• **Work task**
Please restate exactly the lines of the data below, beginning with the line containing "show ?thesis using" and ending with the last line.

######

lemma normal_relation_le:
  assumes fc: "finitely_complete C"
    and rS: "reflexive_relation C X d0 d1 s0" and rT: "reflexive_relation C X e0 e1 r0"
    and ss: "strongly_split C d0 s0" and nS: "normal_to C m d0 d1" and nT: "normal_to C m e0 e1"
  shows "\<exists>\<phi>. hom C \<phi> (cdom C d0) (cdom C e0) \<and> cmp C e0 \<phi> = d0 \<and> cmp C e1 \<phi> = d1"
proof -
  have Sd: "cdom C d0 = cdom C d1" "ccod C d0 = X" "ccod C d1 = X" "hom C s0 X (cdom C d0)"
     "cmp C d0 s0 = idm C X" "cmp C d1 s0 = idm C X"
    using rS unfolding reflexive_relation_def by blast+
  have Td: "cdom C e0 = cdom C e1" "ccod C e0 = X" "ccod C e1 = X" "hom C r0 X (cdom C e0)"
     "cmp C e0 r0 = idm C X" "cmp C e1 r0 = idm C X"
    using rT unfolding reflexive_relation_def by blast+
  obtain p0 p1 mt where p: "is_product C p0 p1" "ccod C p0 = cdom C m" "ccod C p1 = cdom C m"
    and mt: "hom C mt (cdom C p0) (cdom C d0)"
      "cmp C d0 mt = cmp C m p0" "cmp C d1 mt = cmp C m p1"
    and pb: "is_pullback C d0 m mt p0" and mX: "ccod C m = ccod C d0"
    using nS unfolding normal_to_def by blast
  obtain nt where nt: "hom C nt (cdom C p0) (cdom C e0)"
      "cmp C e0 nt = cmp C m p0" "cmp C e1 nt = cmp C m p1"
    using normal_to_product[OF nT p] by blast
  obtain a b where ab: "mono C a" "ccod C a = cdom C d0" "hom C b (cdom C a) (cdom C e0)"
     "cmp C d0 a = cmp C e0 b" "cmp C d1 a = cmp C e1 b"
    and factor: "\<And>z w. ccod C z = cdom C d0 \<Longrightarrow> ccod C w = cdom C e0 \<Longrightarrow> cdom C z = cdom C w \<Longrightarrow>
        cmp C d0 z = cmp C e0 w \<Longrightarrow> cmp C d1 z = cmp C e1 w \<Longrightarrow>
        (\<exists>u. hom C u (cdom C z) (cdom C a) \<and> cmp C a u = z)"
    using relation_intersection[OF fc rS rT] by blast
  obtain u1 where u1: "hom C u1 (cdom C mt) (cdom C a)" "cmp C a u1 = mt"
    using factor[of mt nt] mt nt by (auto simp: hom_def)
  obtain u2 where u2: "hom C u2 (cdom C s0) (cdom C a)" "cmp C a u2 = s0"
    using factor[of s0 r0] Sd Td by (auto simp: hom_def)
  have jee: "jointly_extremally_epic C mt s0"
    using ss[unfolded strongly_split_def, rule_format, of m mt p0] mX pb by simp
  have "iso C a"
    by (rule jee[unfolded jointly_extremally_epic_def, THEN conjunct2, rule_format, of a u1 u2])
      (use ab(1,2) u1 u2 mt(1) in \<open>simp add: hom_def\<close>)
  then obtain g where g: "hom C g (cdom C d0) (cdom C a)" "cmp C a g = idm C (cdom C d0)"
    unfolding iso_def using ab(2) by metis
  have "cmp C e0 (cmp C b g) = cmp C (cmp C d0 a) g"
    using g ab Td by (simp add: hom_def comp_assoc)
  also have "\<dots> = d0" using g ab(2) by (simp add: hom_def comp_assoc[symmetric])
  finally have e0: "cmp C e0 (cmp C b g) = d0" .
  have "cmp C e1 (cmp C b g) = cmp C (cmp C d1 a) g"
    using g ab Td by (simp add: hom_def comp_assoc)
  also have "\<dots> = d1" using g ab(2) Sd by (simp add: hom_def comp_assoc[symmetric])
  finally have e1: "cmp C e1 (cmp C b g) = d1" .
  show ?thesis using e0 e1 g ab by (intro exI[of _ "cmp C b g"]) (simp add: hom_def)
qed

######

• **Answer for this exercise**
  show ?thesis using e0 e1 g ab by (intro exI[of _ "cmp C b g"]) (simp add: hom_def)
qed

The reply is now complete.